Illustration showing a pancreas with pancreatic cancer highlighted in red.

The protein called studying secreted frizzled-related protein 2 (SFRP2) that has long been known to be involved in tumor growth and angiogenesis in breast cancer and osteosarcoma could be a new pancreatic cancer treatment target. New findings, from the Medical University of South Carolina (MUSC) Hollings Cancer Center shows that SFRP2 is especially abundant in pancreatic cancer, and the more abundant it is, the worse the likely patient outcomes.

The research published in the journal Cancer Biomarkers, was led by MUSC researcher Nancy Klauber-DeMore, MD, who first began studying the role of SFRP2 as a breast cancer surgeon more than 15 years ago, and later expanded her inquiry of the protein’s role in cancer development to osteosarcoma. These new findings in pancreatic cancer indicate that so much SFRP2 is concentrated in the tumor itself and not in the surrounding tissue, that it is fertile target for future therapy development.
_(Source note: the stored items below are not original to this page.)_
text \<open>The arc \<open>e\<close> goes to the arc of the end graph given by a vertex \<open>ve e\<close>
  of \<open>G\<close>; the ends of these vertices required at \<open>u\<close> lie in the class \<open>h u\<close>, so a
  single height-one tree \<open>F(u)\<close> meets them all.\<close>
lemma end_graph_hom_imp_sproink_hom:
  assumes G: "digraph G" and T: "digraph T" and loopless: "\<forall>e\<in>arcs T. fst e \<noteq> snd e"
    and h: "is_hom T (end_graph G) h"
  shows "\<exists>Fu Z vsel. sproink_data T Fu Z vsel \<and> sproink_graph T Fu vsel \<rightarrow>\<^sub>h G"
proof -
  have "\<forall>e\<in>arcs T. \<exists>v. h (fst e) = end_equiv G `` {(v, False)} \<and> h (snd e) = end_equiv G `` {(v, True)}"
  proof
    fix e assume "e \<in> arcs T"
    then have "(h (fst e), h (snd e)) \<in> arcs (end_graph G)" using is_hom_arc[OF h] by simp
    then show "\<exists>v. h (fst e) = end_equiv G `` {(v, False)} \<and> h (snd e) = end_equiv G `` {(v, True)}"
      unfolding end_graph_def by auto
  qed
  then obtain ve where ve: "\<forall>e\<in>arcs T.
      h (fst e) = end_equiv G `` {(ve e, False)} \<and> h (snd e) = end_equiv G `` {(ve e, True)}"
    by (rule bchoice[THEN exE])
  define Q where "Q u = (\<lambda>e. (ve e, False)) ` {e \<in> arcs T. fst e = u} \<union>
                        (\<lambda>e. (ve e, True)) ` {e \<in> arcs T. snd e = u}" for u
  have "finite (arcs T)" using T finite_subset unfolding digraph_def by blast
  then have Q_fin: "finite (Q u)" for u unfolding Q_def by simp
  have Q_sub: "Q u \<subseteq> h u" for u using ve unfolding Q_def by auto
  have "height_one_realisable G (Q u)" if "u \<in> verts T" for u
    using height_one_realisable_class[OF G is_hom_vert[OF h that] Q_fin Q_sub] .
  then have "\<forall>u\<in>verts T. \<exists>F :: nat digraph. \<exists>Z \<phi>. height_le_one F Z \<and> is_hom F G \<phi> \<and>
      Q u \<subseteq> end_of \<phi> Z ` verts F"
    unfolding height_one_realisable_def by blast
  then obtain Fu :: "_ \<Rightarrow> nat digraph" where "\<forall>u\<in>verts T. \<exists>Z \<phi>. height_le_one (Fu u) Z \<and>
      is_hom (Fu u) G \<phi> \<and> Q u \<subseteq> end_of \<phi> Z ` verts (Fu u)"
    by (rule bchoice[THEN exE])
  then obtain Z where "\<forall>u\<in>verts T. \<exists>\<phi>. height_le_one (Fu u) (Z u) \<and>
      is_hom (Fu u) G \<phi> \<and> Q u \<subseteq> end_of \<phi> (Z u) ` verts (Fu u)"
    by (rule bchoice[THEN exE])
  then obtain \<phi> where "\<forall>u\<in>verts T. height_le_one (Fu u) (Z u) \<and>
      is_hom (Fu u) G (\<phi> u) \<and> Q u \<subseteq> end_of (\<phi> u) (Z u) ` verts (Fu u)"
    by (rule bchoice[THEN exE])
  then have F: "\<And>u. u \<in> verts T \<Longrightarrow> height_le_one (Fu u) (Z u)"
    and \<phi>: "\<And>u. u \<in> verts T \<Longrightarrow> is_hom (Fu u) G (\<phi> u)"
    and Q_met: "\<And>u. u \<in> verts T \<Longrightarrow> Q u \<subseteq> end_of (\<phi> u) (Z u) ` verts (Fu u)"
    by auto
  have tail: "(ve e, False) \<in> end_of (\<phi> (fst e)) (Z (fst e)) ` verts (Fu (fst e))"
    and head: "(ve e, True) \<in> end_of (\<phi> (snd e)) (Z (snd e)) ` verts (Fu (snd e))"
    if e: "e \<in> arcs T" for e
  proof -
    have "fst e \<in> verts T" "snd e \<in> verts T" using T e unfolding digraph_def by auto
    moreover have "(ve e, False) \<in> Q (fst e)" "(ve e, True) \<in> Q (snd e)"
      using e unfolding Q_def by auto
    ultimately show "(ve e, False) \<in> end_of (\<phi> (fst e)) (Z (fst e)) ` verts (Fu (fst e))"
      "(ve e, True) \<in> end_of (\<phi> (snd e)) (Z (snd e)) ` verts (Fu (snd e))"
      using Q_met by blast+
  qed
  show ?thesis using sproink_from_height_one_maps[OF loopless F \<phi> tail head] by blast
qed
“Our next steps will be to see if by blocking SFRP2, we could affect the tumor,” Klauber-DeMore says. “We could potentially affect tumor fibrosis. We could affect angiogenesis. We could kill the tumor cells themselves, and we could also affect the immune system as immunotherapy. So, for those reasons, we have described SFRP2 as a potential biomarker and a potential therapeutic target for pancreatic cancer.”

Pancreatic cancer is the third most common cause of cancer death and may become the second most common cause of cancer death by the year 2030. One reason, the cancer it so lethal is that by the time it is diagnosed it has most often spread beyond the pancreas. Pancreatic tumors also grow a thick stroma of associated tissue that both inhibits the infiltrations of chemotherapy to kill the tumor, while also interacting with the tumor to promote its growth.

Prior attempts to treat the cancer have had mixed results indicating that more complete knowledge of all the elements affecting the growth of pancreatic cancer, and how the different element of tumor microenvironment communicate with each other to drive the disease are needed. Because SFRP2 aids in stroma production and preventing immune cells from recognizing and attacking the tumor, targeting SFRP2 could potentially have multiple effects on the tumor microenvironment.

Klauber-DeMore noted that her focus on the role of SFRP2 shifted to pancreatic cancer after querying the Cancer Genome Atlas looking for more information about the tumor growth protein.

“You can look at expression of a gene in all different types of human cancer, and when we put SFRP2 in, the cancer that had the highest expression was pancreatic cancer,” she said. “And so that’s the reason that we started looking to see if SFRP2 was a target in pancreatic cancer.”

She then saw that patients with high levels of SFRP2 had lower odds of survival. Her lab subsequently investigated how SFRP2 relates to KRAS, a gene that’s heavily involved in pancreatic cancer when it mutates.

“When we silenced KRAS, it greatly reduced the expression of SFRP2. So what this is saying is that KRAS, which is known to be one of the main drivers of pancreatic cancer, drives the expression of SFRP2,” Klauber-DeMore said.

Klauber-DeMore previously developed a humanized monoclonal antibody to SFRP2 that received rare pediatric disease designation from the U.S. Food and Drug Administration for osteosarcoma.